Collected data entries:
┄┄┄┄┄┄┄┄┄┄┄┄┄┄┄┄┄┄┄┄
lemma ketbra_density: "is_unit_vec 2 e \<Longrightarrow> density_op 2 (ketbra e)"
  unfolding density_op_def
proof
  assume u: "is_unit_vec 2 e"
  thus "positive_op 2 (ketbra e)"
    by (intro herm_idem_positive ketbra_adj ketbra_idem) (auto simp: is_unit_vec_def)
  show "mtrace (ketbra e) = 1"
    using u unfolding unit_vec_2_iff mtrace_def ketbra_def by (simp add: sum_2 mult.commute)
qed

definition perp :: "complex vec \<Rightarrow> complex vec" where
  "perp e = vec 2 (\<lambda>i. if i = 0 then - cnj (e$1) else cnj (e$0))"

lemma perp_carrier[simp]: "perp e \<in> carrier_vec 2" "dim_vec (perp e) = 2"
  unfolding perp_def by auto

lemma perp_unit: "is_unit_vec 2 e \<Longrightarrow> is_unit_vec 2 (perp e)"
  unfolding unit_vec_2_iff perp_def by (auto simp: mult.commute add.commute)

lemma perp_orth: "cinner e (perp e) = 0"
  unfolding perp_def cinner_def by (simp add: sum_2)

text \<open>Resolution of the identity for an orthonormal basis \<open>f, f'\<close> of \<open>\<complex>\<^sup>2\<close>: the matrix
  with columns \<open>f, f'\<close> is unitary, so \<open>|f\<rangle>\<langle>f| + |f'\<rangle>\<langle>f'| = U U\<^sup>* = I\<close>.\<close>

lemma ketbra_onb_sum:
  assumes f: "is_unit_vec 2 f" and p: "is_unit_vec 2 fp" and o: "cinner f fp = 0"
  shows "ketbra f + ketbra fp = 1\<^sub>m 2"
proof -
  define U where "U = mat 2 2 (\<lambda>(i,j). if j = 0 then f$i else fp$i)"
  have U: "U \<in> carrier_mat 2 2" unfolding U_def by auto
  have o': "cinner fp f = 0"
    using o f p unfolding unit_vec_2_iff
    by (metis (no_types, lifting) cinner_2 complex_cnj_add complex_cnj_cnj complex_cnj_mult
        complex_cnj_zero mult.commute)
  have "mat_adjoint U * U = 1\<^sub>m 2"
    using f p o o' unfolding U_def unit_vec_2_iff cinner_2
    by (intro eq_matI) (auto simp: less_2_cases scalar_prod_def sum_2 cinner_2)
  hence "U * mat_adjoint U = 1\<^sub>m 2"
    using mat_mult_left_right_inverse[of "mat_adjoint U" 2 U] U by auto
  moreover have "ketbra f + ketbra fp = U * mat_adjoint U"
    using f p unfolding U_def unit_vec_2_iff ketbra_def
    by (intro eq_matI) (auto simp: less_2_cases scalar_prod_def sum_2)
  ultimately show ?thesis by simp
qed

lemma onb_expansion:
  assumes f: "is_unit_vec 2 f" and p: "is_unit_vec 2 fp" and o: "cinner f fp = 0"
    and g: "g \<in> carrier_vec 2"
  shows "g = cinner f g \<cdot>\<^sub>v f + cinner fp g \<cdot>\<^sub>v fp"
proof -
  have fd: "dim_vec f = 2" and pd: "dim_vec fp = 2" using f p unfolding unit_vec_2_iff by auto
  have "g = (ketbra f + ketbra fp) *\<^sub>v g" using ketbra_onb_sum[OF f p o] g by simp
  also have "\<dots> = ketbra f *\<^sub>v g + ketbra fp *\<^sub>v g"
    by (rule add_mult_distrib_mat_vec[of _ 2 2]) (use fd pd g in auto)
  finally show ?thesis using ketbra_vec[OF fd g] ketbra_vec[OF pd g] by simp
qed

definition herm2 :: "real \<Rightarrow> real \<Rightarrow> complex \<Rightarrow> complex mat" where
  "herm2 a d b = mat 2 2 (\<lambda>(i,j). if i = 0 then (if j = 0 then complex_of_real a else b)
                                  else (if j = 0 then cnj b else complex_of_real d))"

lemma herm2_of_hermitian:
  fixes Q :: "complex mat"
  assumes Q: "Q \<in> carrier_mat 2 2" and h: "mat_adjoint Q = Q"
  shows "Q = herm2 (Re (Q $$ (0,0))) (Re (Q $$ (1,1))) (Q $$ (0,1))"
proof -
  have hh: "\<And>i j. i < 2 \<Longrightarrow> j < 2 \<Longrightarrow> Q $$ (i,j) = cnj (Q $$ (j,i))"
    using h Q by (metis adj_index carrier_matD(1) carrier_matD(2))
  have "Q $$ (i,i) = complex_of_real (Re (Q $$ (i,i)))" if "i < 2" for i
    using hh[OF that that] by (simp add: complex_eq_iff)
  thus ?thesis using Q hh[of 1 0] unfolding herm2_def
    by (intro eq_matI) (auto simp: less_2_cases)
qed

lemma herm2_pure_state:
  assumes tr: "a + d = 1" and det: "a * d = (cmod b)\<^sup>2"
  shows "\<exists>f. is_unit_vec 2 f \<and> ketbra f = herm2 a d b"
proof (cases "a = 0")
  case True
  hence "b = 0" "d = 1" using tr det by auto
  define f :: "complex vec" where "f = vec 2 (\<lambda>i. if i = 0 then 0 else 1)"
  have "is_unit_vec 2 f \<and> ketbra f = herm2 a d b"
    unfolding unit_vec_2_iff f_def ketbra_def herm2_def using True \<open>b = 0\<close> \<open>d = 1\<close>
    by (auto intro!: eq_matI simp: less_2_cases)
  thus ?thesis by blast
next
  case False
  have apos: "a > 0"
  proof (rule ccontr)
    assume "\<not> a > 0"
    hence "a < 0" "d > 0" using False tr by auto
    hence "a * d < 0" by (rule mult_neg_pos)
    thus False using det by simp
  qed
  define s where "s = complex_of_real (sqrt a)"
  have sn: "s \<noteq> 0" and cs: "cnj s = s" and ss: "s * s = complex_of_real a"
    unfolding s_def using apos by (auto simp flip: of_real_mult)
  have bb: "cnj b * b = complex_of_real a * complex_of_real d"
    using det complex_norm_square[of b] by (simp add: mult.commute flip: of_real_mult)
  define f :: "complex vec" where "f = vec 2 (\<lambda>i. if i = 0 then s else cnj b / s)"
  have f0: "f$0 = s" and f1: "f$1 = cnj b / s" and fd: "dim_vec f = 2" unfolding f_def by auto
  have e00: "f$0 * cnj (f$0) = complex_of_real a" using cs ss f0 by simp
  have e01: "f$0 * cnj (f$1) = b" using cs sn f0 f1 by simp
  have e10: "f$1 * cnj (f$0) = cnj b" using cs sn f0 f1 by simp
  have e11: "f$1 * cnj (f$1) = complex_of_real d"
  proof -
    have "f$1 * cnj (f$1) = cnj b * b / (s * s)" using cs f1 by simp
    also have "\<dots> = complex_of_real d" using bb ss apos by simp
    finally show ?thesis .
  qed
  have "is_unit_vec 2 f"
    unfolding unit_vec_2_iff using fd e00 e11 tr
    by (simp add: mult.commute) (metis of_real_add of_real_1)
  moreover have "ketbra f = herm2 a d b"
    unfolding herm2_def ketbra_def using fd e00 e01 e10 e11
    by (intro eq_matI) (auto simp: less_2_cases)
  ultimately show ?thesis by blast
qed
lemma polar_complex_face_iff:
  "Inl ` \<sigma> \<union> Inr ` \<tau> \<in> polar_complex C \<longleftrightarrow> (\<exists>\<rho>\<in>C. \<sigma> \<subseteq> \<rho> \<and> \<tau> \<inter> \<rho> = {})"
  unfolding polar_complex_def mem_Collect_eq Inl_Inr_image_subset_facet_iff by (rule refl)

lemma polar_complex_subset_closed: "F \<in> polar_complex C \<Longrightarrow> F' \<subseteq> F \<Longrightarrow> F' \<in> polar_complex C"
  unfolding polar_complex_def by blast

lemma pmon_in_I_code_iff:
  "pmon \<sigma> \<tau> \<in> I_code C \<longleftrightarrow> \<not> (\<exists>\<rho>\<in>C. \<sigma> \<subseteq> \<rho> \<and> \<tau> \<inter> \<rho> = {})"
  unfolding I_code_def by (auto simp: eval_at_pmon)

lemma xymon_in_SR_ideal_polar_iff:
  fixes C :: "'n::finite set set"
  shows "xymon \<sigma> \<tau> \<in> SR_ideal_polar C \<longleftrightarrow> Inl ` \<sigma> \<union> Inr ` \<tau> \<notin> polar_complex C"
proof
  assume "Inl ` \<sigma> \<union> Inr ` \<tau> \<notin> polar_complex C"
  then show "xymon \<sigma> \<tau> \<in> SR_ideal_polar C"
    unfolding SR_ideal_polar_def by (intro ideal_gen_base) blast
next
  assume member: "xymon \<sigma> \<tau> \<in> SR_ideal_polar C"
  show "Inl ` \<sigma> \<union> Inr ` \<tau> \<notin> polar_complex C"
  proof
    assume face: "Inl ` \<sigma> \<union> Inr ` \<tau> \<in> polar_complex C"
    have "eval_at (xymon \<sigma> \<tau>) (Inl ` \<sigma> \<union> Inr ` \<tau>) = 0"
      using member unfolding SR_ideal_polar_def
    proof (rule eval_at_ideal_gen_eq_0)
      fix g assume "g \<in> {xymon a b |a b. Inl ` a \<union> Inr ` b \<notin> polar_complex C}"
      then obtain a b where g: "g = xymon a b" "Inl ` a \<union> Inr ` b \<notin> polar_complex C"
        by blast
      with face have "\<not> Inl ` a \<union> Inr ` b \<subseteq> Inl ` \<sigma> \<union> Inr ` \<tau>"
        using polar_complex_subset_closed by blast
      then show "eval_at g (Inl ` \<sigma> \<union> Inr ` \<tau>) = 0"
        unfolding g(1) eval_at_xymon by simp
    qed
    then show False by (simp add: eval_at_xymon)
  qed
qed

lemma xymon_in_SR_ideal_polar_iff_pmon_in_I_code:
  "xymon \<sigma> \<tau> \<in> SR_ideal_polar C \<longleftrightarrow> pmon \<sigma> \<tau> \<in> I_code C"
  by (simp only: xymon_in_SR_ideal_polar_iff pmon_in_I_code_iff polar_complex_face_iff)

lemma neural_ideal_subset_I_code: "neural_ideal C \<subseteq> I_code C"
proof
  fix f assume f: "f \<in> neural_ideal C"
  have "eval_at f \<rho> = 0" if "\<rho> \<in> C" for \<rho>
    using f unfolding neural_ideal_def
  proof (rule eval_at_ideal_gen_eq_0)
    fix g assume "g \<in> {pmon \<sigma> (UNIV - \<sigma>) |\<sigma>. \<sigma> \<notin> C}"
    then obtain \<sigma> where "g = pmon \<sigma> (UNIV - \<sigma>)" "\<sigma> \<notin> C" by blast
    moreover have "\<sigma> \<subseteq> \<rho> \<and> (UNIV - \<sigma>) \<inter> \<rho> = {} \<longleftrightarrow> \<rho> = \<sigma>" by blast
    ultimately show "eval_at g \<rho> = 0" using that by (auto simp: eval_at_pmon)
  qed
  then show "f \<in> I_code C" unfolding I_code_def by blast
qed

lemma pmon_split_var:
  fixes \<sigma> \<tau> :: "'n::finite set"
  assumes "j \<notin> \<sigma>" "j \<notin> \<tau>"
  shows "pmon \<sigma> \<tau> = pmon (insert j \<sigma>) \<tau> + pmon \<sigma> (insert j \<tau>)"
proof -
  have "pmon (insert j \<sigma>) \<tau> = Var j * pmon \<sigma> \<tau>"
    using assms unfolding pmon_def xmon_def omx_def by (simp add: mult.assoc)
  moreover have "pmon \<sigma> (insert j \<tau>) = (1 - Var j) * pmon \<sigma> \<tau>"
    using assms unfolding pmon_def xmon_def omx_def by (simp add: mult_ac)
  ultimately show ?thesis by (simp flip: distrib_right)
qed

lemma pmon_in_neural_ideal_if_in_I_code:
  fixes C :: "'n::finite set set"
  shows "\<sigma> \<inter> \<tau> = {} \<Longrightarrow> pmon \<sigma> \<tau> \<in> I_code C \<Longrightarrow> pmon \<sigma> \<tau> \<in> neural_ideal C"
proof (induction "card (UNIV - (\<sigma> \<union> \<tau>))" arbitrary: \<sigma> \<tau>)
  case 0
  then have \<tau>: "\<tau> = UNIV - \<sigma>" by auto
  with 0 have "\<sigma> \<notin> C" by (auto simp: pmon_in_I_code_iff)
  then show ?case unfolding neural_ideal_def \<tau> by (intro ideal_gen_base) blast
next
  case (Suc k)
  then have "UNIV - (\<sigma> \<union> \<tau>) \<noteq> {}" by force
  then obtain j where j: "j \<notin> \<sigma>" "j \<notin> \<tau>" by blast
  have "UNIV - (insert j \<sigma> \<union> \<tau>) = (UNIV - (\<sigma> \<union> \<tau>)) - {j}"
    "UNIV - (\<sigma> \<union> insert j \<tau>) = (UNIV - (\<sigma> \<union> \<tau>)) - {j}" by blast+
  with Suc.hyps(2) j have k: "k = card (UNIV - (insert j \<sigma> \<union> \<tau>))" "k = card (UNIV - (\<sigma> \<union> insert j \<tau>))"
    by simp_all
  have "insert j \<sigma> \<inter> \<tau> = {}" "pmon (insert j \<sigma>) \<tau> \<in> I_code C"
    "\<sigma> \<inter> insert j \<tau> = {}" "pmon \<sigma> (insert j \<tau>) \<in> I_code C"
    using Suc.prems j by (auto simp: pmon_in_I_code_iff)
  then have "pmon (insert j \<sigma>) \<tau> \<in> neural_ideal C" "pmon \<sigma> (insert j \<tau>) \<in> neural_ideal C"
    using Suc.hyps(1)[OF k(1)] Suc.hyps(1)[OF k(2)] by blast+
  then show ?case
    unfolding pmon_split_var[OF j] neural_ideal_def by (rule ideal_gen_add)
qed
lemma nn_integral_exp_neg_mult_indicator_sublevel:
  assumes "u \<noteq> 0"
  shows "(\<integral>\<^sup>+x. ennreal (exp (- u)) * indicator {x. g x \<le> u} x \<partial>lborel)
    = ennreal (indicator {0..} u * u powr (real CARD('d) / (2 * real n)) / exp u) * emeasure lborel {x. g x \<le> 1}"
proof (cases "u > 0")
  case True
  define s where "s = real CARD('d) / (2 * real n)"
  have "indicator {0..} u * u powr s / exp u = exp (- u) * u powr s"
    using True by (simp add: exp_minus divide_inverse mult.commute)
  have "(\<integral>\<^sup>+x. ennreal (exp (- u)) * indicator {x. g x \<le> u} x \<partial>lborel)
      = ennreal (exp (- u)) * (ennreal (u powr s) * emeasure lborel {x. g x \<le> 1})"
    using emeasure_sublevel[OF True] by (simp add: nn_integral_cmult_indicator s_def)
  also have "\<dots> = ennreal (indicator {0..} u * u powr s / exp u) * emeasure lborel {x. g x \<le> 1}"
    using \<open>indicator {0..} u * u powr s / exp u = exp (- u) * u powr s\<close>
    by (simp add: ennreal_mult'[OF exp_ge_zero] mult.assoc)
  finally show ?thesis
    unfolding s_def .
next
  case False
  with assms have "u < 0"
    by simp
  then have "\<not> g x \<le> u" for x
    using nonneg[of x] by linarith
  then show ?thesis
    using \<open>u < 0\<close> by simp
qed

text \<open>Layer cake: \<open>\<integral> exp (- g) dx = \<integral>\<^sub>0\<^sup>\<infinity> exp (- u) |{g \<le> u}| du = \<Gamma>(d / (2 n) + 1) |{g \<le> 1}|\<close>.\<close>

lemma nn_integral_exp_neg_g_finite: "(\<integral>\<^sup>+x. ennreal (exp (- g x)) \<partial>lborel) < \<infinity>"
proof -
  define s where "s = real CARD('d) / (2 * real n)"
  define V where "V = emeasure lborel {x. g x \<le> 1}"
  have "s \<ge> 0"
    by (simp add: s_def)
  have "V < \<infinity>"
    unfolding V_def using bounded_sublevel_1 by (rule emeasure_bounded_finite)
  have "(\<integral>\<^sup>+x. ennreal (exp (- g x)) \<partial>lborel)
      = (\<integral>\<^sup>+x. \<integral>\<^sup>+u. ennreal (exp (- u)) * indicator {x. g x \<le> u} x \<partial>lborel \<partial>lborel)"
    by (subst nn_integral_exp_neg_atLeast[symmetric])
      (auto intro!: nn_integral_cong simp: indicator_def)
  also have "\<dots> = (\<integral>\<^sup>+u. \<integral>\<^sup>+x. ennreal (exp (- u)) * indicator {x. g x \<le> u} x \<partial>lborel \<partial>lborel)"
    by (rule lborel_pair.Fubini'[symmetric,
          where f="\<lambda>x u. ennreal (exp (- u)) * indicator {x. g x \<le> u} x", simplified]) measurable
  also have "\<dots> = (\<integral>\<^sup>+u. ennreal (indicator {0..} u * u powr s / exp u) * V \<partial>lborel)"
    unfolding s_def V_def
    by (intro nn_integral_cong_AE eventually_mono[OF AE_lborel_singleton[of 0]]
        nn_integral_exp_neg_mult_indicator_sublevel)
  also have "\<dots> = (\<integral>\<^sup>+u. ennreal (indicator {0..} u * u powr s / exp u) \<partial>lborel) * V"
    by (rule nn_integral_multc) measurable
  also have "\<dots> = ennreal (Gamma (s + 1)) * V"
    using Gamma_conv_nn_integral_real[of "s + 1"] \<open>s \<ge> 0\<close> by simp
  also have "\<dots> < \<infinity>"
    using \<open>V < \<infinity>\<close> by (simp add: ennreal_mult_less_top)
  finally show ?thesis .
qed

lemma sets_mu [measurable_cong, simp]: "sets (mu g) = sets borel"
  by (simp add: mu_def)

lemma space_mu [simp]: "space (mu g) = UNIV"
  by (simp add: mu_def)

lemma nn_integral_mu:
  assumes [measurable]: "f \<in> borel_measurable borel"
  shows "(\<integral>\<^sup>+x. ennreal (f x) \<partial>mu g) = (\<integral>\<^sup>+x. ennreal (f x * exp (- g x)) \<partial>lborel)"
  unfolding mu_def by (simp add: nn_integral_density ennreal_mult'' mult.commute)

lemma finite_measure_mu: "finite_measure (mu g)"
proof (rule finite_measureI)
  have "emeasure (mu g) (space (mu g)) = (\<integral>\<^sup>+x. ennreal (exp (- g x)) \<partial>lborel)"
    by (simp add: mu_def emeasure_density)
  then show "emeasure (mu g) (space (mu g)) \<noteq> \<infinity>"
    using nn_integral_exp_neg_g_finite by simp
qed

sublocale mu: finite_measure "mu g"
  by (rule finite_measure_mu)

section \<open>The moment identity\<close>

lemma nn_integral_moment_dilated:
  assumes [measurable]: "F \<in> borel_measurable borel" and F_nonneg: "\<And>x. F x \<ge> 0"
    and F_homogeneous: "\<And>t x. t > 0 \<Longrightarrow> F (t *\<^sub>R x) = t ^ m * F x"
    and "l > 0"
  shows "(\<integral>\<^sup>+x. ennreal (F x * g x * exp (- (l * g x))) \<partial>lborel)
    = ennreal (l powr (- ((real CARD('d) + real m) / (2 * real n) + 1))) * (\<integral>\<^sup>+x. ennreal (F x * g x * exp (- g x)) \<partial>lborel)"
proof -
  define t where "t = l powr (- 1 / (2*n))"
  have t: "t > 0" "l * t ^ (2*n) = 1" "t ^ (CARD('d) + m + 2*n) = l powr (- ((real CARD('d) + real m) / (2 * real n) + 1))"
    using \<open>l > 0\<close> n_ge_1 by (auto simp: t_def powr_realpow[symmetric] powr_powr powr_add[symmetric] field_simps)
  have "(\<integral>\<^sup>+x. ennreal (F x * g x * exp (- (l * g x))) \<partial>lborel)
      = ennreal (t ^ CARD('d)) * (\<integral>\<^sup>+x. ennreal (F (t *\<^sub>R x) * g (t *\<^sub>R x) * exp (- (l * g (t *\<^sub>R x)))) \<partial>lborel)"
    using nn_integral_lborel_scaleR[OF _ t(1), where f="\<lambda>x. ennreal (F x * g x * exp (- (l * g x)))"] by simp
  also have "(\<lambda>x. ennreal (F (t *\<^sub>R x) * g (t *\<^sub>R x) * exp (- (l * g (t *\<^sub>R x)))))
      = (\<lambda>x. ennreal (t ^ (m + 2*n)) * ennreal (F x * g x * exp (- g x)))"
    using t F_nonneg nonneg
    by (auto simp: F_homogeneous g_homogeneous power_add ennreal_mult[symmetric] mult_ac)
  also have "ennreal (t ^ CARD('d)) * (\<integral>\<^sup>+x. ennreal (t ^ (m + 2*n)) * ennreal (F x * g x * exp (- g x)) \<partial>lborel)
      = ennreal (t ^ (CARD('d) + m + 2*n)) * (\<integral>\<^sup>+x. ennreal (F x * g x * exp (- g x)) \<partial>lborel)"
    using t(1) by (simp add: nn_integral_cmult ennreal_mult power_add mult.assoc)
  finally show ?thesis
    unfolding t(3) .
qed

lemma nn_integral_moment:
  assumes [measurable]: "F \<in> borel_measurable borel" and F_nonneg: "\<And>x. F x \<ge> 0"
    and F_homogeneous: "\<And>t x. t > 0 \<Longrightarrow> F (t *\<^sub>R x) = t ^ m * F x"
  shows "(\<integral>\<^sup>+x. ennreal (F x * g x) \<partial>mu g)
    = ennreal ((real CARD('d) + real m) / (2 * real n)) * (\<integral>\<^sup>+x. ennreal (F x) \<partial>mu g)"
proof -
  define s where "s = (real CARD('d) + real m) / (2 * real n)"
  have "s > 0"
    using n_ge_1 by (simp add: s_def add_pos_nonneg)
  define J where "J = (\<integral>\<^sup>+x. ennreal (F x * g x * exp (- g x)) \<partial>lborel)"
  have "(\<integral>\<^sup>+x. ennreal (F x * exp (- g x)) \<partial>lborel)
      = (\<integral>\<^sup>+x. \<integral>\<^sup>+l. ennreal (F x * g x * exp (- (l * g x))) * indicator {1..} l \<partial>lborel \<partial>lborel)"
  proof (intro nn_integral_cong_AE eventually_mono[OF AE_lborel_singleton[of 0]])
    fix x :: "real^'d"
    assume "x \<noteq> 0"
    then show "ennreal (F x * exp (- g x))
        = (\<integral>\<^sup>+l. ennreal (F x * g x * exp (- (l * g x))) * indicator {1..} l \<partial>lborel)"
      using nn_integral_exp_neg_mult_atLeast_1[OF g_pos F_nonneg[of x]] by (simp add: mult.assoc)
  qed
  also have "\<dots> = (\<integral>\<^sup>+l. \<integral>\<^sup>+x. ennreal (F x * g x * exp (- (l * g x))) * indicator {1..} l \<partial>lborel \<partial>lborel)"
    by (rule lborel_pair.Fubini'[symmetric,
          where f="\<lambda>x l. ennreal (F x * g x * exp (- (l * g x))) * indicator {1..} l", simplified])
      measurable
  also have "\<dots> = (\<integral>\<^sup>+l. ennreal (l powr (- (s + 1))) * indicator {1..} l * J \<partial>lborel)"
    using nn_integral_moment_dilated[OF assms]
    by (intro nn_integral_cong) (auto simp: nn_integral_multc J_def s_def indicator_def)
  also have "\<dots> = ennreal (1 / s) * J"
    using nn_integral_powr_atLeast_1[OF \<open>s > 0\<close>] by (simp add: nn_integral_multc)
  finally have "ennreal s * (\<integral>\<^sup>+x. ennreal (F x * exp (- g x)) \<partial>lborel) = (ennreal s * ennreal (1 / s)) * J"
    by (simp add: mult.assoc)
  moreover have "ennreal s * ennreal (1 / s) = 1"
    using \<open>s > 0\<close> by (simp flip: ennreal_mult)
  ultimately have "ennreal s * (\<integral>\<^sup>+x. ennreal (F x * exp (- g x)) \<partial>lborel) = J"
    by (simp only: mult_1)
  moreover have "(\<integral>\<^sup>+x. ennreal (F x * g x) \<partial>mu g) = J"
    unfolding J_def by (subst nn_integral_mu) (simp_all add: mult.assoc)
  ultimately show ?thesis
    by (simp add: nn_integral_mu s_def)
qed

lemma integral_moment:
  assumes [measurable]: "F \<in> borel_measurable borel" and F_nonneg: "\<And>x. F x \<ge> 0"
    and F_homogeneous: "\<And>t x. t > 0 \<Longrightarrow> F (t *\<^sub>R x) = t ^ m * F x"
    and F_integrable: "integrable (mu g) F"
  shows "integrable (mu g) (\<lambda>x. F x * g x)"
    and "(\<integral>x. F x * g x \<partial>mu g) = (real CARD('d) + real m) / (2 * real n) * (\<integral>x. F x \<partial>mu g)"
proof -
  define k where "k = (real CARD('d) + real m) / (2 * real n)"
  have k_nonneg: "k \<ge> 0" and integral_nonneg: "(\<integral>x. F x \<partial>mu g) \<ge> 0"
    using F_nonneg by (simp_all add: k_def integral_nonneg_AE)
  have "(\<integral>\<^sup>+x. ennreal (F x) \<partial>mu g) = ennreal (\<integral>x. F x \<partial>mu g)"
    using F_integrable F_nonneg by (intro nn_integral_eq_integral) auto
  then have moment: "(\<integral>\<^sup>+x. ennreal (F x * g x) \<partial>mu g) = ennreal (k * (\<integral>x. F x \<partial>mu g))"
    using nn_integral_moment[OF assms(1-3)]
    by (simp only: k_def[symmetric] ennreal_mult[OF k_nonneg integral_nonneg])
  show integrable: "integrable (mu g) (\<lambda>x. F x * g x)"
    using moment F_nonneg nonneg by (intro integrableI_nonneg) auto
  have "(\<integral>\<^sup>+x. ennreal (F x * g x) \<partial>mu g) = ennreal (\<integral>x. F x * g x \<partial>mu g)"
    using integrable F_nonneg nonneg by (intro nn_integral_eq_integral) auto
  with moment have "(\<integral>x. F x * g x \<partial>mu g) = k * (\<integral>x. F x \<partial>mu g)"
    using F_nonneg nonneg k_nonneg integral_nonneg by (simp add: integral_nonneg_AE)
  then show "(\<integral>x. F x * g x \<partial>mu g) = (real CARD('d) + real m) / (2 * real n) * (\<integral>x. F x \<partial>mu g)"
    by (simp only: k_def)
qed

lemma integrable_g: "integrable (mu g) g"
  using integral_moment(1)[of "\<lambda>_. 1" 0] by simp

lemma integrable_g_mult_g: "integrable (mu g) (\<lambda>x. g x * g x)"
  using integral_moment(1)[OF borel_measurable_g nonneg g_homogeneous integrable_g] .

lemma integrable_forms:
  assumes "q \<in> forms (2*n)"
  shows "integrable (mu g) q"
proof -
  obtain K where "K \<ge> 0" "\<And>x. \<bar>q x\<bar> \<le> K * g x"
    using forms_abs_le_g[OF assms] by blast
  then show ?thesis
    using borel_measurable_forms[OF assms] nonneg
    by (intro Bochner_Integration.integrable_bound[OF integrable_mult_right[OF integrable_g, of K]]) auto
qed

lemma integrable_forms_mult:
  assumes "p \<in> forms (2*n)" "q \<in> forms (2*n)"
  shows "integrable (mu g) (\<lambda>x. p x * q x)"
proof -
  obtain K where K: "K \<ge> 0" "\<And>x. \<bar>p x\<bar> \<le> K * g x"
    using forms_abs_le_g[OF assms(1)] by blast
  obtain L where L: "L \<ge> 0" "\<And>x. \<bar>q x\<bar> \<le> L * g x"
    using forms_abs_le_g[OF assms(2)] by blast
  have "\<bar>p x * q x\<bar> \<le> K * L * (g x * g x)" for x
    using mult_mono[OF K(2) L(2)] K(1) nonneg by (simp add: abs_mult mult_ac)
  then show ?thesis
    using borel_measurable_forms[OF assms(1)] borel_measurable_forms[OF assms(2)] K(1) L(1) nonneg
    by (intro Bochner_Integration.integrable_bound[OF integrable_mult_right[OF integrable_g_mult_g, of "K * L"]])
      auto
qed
┄┄┄┄┄┄┄┄┄┄┄┄┄┄┄┄┄┄┄┄
• _Task to carry out_
Please copy exactly the lines from the first line of the records above through the line containing "- cnj (e$1)", including both, and nothing more.

• _Problem solution_
lemma ketbra_density: "is_unit_vec 2 e \<Longrightarrow> density_op 2 (ketbra e)"
  unfolding density_op_def
proof
  assume u: "is_unit_vec 2 e"
  thus "positive_op 2 (ketbra e)"
    by (intro herm_idem_positive ketbra_adj ketbra_idem) (auto simp: is_unit_vec_def)
  show "mtrace (ketbra e) = 1"
    using u unfolding unit_vec_2_iff mtrace_def ketbra_def by (simp add: sum_2 mult.commute)
qed

definition perp :: "complex vec \<Rightarrow> complex vec" where
  "perp e = vec 2 (\<lambda>i. if i = 0 then - cnj (e$1) else cnj (e$0))"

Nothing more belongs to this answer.